Task input:
theorem lemma4p1:
  fixes V X Y S H H' :: "'a set" and E sg :: "'a \<Rightarrow> 'a \<Rightarrow> bool"
  assumes "signed_bigraph V X Y E sg"
    and "separable V E"
    and "\<not> has_induced_long_even_cycle V E"
    and "\<not> has_induced_D V E sg"
    and "minimally_separates V E S H H'"
  shows "positive_biclique X Y E sg S \<and>
    (\<forall>u \<in> S. \<forall>v \<in> S. u \<noteq> v \<and> ((u \<in> X \<and> v \<in> X) \<or> (u \<in> Y \<and> v \<in> Y)) \<longrightarrow>
       (\<exists>w \<in> H. E u w \<and> E v w) \<and> (\<exists>w \<in> H'. E u w \<and> E v w))"
proof -
  interpret long_even_hole_free_bigraph V X E
    using signed_bigraph_long_even_hole_free[OF assms(1,3)] .
  have disjoint: "X \<inter> Y = {}" using assms(1) unfolding signed_bigraph_def by simp
  have "E x y" if "x \<in> S \<inter> X" "y \<in> S \<inter> Y" for x y
    using separator_adjacent[OF assms(5)] that disjoint by blast
  moreover have "sg x y" if "x \<in> S" "y \<in> S" "E x y" for x y
    using separator_negative_edge_induces_D[OF assms(5) that, of sg] assms(4) by blast
  moreover have "(\<exists>w \<in> H. E u w \<and> E v w) \<and> (\<exists>w \<in> H'. E u w \<and> E v w)"
    if "u \<in> S" "v \<in> S" "u \<noteq> v \<and> ((u \<in> X \<and> v \<in> X) \<or> (u \<in> Y \<and> v \<in> Y))" for u v
    using separator_common_neighbours[OF assms(5)] that disjoint by blast
  ultimately show ?thesis unfolding positive_biclique_def by blast
qed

Instructions to follow:
Output the line containing "using separator_common_neighbours[OF assms(5)]" and all lines after it to the end of the records, exactly as given.

Response:
    using separator_common_neighbours[OF assms(5)] that disjoint by blast
  ultimately show ?thesis unfolding positive_biclique_def by blast
qed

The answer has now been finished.